### [THE TASK]
Return only the lines running from the top of the entries to the line with "(\<Sum>\<gamma>\<in>?G. (p choose", inclusive, exactly as written.

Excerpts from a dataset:

lemma card_root_patterns_le:
  assumes "r \<le> p"
  shows "card (root_patterns p n r k) \<le> (if r = n then 1 else p) * ((p choose r) + (p ^ r - \<Prod>{p - r + 1..p}))"
proof -
  let ?G = "if r = n then {1} else {0..<int p}"
  let ?L = "{bs. length bs = r \<and> set bs \<subseteq> {0..<int p}}"
  have GL: "?G \<times> ?L = (\<Union>\<gamma>\<in>?G. Pair \<gamma> ` ?L)" by auto
  have "root_patterns p n r k = (\<Union>\<gamma>\<in>?G. (\<lambda>bs. residue_pattern p k (smult \<gamma> (\<Prod>b\<leftarrow>bs. [:-b, 1:]))) ` ?L)"
    unfolding root_patterns_def GL image_UN image_image by simp
  then have "card (root_patterns p n r k) \<le> (\<Sum>\<gamma>\<in>?G. card ((\<lambda>bs. residue_pattern p k (smult \<gamma> (\<Prod>b\<leftarrow>bs. [:-b, 1:]))) ` ?L))"
    by (simp add: card_UN_le)
  also have "\<dots> \<le> (\<Sum>\<gamma>\<in>?G. (p choose r) + (p ^ r - \<Prod>{p - r + 1..p}))"
    by (intro sum_mono card_residue_patterns_of_lists assms)
  also have "\<dots> = (if r = n then 1 else p) * ((p choose r) + (p ^ r - \<Prod>{p - r + 1..p}))"
    by simp
  finally show ?thesis .
qed

section \<open>Asymptotics of binomial coefficients\<close>

lemma falling_product_bounds:
  assumes "r \<le> p"
  shows "(p - r) ^ r \<le> \<Prod>{p - r + 1..p}" "\<Prod>{p - r + 1..p} \<le> p ^ r"
proof -
  have c: "card {p - r + 1..p} = r" using assms by simp
  have "(\<Prod>x\<in>{p - r + 1..p}. (p - r)) \<le> (\<Prod>x\<in>{p - r + 1..p}. x)" by (intro prod_mono) auto
  then show "(p - r) ^ r \<le> \<Prod>{p - r + 1..p}" using c by simp
  have "(\<Prod>x\<in>{p - r + 1..p}. x) \<le> (\<Prod>x\<in>{p - r + 1..p}. p)" by (intro prod_mono) auto
  then show "\<Prod>{p - r + 1..p} \<le> p ^ r" using c by simp
qed

lemma fact_mult_binomial_eq_falling_product: "r \<le> p \<Longrightarrow> fact r * (p choose r) = \<Prod>{p - r + 1..p}"
proof -
  assume rp: "r \<le> p"
  have "fact r * fact (p - r) * (p choose r) = (fact p :: nat)" using binomial_fact_lemma[OF rp] .
  then have "fact p div fact (p - r) = fact r * (p choose r)"
    by (metis fact_nonzero nonzero_mult_div_cancel_right mult.commute mult.assoc)
  moreover have "fact p div fact (p - r) = \<Prod>{p - r + 1..p}" using fact_div_fact[of "p - r" p] by simp
  ultimately show ?thesis by simp
qed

### [TASK RESULT]
lemma card_root_patterns_le:
  assumes "r \<le> p"
  shows "card (root_patterns p n r k) \<le> (if r = n then 1 else p) * ((p choose r) + (p ^ r - \<Prod>{p - r + 1..p}))"
proof -
  let ?G = "if r = n then {1} else {0..<int p}"
  let ?L = "{bs. length bs = r \<and> set bs \<subseteq> {0..<int p}}"
  have GL: "?G \<times> ?L = (\<Union>\<gamma>\<in>?G. Pair \<gamma> ` ?L)" by auto
  have "root_patterns p n r k = (\<Union>\<gamma>\<in>?G. (\<lambda>bs. residue_pattern p k (smult \<gamma> (\<Prod>b\<leftarrow>bs. [:-b, 1:]))) ` ?L)"
    unfolding root_patterns_def GL image_UN image_image by simp
  then have "card (root_patterns p n r k) \<le> (\<Sum>\<gamma>\<in>?G. card ((\<lambda>bs. residue_pattern p k (smult \<gamma> (\<Prod>b\<leftarrow>bs. [:-b, 1:]))) ` ?L))"
    by (simp add: card_UN_le)
  also have "\<dots> \<le> (\<Sum>\<gamma>\<in>?G. (p choose r) + (p ^ r - \<Prod>{p - r + 1..p}))"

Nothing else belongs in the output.